Stored items:
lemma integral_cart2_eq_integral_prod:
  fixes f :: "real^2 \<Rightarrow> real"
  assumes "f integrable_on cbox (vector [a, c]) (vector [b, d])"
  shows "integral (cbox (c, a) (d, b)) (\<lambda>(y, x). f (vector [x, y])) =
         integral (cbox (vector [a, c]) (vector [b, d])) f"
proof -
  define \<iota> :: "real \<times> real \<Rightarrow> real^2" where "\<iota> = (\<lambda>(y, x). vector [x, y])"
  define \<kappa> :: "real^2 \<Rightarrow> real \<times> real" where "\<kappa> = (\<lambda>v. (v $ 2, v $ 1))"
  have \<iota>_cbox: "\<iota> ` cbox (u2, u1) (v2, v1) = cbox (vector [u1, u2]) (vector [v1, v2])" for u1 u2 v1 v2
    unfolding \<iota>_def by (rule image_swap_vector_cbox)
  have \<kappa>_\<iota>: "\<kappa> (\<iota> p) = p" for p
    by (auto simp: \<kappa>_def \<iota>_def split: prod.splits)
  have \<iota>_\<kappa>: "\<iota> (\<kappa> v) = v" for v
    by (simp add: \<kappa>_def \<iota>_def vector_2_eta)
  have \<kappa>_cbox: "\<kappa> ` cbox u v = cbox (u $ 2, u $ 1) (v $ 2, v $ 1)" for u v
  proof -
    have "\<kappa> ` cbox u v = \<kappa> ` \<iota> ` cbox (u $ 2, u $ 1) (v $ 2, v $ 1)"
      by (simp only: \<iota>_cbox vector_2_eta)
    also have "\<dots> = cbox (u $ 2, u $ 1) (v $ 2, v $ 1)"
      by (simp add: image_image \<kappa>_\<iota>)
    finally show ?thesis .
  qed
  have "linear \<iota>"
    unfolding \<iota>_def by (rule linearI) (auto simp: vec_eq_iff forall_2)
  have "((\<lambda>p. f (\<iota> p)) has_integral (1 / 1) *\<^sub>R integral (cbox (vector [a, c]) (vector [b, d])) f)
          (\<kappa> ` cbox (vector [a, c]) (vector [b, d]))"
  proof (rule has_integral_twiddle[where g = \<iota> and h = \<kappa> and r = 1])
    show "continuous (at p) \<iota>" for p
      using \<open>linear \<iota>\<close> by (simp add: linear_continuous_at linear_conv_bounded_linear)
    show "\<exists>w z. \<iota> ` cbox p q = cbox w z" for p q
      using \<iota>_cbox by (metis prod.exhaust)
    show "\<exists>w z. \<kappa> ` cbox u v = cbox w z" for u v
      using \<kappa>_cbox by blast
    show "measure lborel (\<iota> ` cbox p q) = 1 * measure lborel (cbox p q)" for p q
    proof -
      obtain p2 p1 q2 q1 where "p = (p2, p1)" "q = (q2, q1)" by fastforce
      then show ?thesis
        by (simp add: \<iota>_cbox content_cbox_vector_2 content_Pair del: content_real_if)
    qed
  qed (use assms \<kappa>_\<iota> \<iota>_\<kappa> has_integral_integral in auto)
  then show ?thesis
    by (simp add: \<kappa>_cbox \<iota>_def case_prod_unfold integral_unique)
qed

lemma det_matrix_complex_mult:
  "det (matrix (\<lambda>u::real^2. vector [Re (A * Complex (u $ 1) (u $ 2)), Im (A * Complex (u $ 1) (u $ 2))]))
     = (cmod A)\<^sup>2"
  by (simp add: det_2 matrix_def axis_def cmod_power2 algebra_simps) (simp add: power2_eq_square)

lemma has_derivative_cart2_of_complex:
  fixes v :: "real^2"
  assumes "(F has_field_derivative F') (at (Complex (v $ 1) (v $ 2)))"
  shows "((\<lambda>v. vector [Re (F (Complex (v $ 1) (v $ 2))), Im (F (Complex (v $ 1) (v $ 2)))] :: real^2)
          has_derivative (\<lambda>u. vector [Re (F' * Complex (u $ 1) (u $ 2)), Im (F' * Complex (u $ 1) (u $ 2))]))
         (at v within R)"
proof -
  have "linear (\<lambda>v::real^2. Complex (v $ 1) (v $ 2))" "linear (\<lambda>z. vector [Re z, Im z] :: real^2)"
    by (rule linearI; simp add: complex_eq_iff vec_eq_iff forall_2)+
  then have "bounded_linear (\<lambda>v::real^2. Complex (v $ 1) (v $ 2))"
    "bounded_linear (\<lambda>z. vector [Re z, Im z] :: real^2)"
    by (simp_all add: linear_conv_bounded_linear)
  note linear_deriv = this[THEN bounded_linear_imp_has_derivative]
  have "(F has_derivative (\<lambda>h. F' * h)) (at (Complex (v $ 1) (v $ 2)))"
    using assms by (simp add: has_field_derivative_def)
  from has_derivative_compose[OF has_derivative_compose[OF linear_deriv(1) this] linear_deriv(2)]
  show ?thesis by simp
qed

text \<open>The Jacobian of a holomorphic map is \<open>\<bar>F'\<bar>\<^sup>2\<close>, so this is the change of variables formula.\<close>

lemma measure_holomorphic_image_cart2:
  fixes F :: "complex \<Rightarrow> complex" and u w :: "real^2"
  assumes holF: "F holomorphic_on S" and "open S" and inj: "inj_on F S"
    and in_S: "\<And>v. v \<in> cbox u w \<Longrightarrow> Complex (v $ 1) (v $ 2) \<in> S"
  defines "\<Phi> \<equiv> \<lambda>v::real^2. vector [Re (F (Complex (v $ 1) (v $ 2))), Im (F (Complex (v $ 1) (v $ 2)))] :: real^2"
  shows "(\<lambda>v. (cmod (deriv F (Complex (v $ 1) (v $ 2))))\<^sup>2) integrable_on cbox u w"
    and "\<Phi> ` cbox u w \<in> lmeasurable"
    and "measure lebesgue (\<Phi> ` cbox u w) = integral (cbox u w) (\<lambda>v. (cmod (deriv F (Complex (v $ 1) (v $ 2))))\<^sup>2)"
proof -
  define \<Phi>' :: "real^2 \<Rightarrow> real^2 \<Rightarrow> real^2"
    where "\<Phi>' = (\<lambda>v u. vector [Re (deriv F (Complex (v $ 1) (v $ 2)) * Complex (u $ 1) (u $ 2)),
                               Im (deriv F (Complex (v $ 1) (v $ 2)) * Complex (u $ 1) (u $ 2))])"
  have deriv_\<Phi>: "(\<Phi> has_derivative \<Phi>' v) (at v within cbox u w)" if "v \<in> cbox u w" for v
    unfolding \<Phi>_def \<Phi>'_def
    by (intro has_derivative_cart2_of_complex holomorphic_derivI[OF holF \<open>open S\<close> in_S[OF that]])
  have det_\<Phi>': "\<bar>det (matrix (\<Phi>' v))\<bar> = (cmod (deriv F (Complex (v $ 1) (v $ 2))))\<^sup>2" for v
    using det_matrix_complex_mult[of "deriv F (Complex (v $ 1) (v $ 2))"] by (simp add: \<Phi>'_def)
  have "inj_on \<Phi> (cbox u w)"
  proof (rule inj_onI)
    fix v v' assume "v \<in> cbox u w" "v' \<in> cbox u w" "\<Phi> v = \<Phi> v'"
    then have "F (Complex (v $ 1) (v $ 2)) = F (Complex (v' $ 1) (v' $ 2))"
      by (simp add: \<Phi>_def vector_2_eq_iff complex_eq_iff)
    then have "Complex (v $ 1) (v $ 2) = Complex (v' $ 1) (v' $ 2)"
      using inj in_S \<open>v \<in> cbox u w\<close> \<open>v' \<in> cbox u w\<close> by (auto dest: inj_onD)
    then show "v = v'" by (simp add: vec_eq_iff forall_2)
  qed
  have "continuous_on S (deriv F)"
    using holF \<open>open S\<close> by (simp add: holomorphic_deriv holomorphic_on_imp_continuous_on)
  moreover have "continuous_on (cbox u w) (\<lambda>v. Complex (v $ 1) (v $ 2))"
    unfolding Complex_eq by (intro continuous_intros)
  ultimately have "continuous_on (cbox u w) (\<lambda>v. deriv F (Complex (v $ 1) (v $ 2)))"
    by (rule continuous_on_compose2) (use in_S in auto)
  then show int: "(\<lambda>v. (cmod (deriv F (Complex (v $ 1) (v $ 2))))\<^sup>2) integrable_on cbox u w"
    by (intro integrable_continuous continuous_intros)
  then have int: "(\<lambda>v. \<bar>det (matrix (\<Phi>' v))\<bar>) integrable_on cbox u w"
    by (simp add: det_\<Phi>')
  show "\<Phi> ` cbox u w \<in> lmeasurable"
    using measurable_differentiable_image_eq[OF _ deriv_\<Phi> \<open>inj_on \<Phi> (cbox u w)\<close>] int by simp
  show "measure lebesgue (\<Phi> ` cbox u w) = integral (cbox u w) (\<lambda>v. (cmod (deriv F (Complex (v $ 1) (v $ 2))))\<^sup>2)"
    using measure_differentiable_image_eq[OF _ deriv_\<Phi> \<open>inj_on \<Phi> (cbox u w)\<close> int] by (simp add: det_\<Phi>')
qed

- **EXERCISE**
Word for word, restate the data above from its first line down to and including the line with "by (simp add: \<kappa>_def".

- **EXERCISE ANSWER**
lemma integral_cart2_eq_integral_prod:
  fixes f :: "real^2 \<Rightarrow> real"
  assumes "f integrable_on cbox (vector [a, c]) (vector [b, d])"
  shows "integral (cbox (c, a) (d, b)) (\<lambda>(y, x). f (vector [x, y])) =
         integral (cbox (vector [a, c]) (vector [b, d])) f"
proof -
  define \<iota> :: "real \<times> real \<Rightarrow> real^2" where "\<iota> = (\<lambda>(y, x). vector [x, y])"
  define \<kappa> :: "real^2 \<Rightarrow> real \<times> real" where "\<kappa> = (\<lambda>v. (v $ 2, v $ 1))"
  have \<iota>_cbox: "\<iota> ` cbox (u2, u1) (v2, v1) = cbox (vector [u1, u2]) (vector [v1, v2])" for u1 u2 v1 v2
    unfolding \<iota>_def by (rule image_swap_vector_cbox)
  have \<kappa>_\<iota>: "\<kappa> (\<iota> p) = p" for p
    by (auto simp: \<kappa>_def \<iota>_def split: prod.splits)
  have \<iota>_\<kappa>: "\<iota> (\<kappa> v) = v" for v
    by (simp add: \<kappa>_def \<iota>_def vector_2_eta)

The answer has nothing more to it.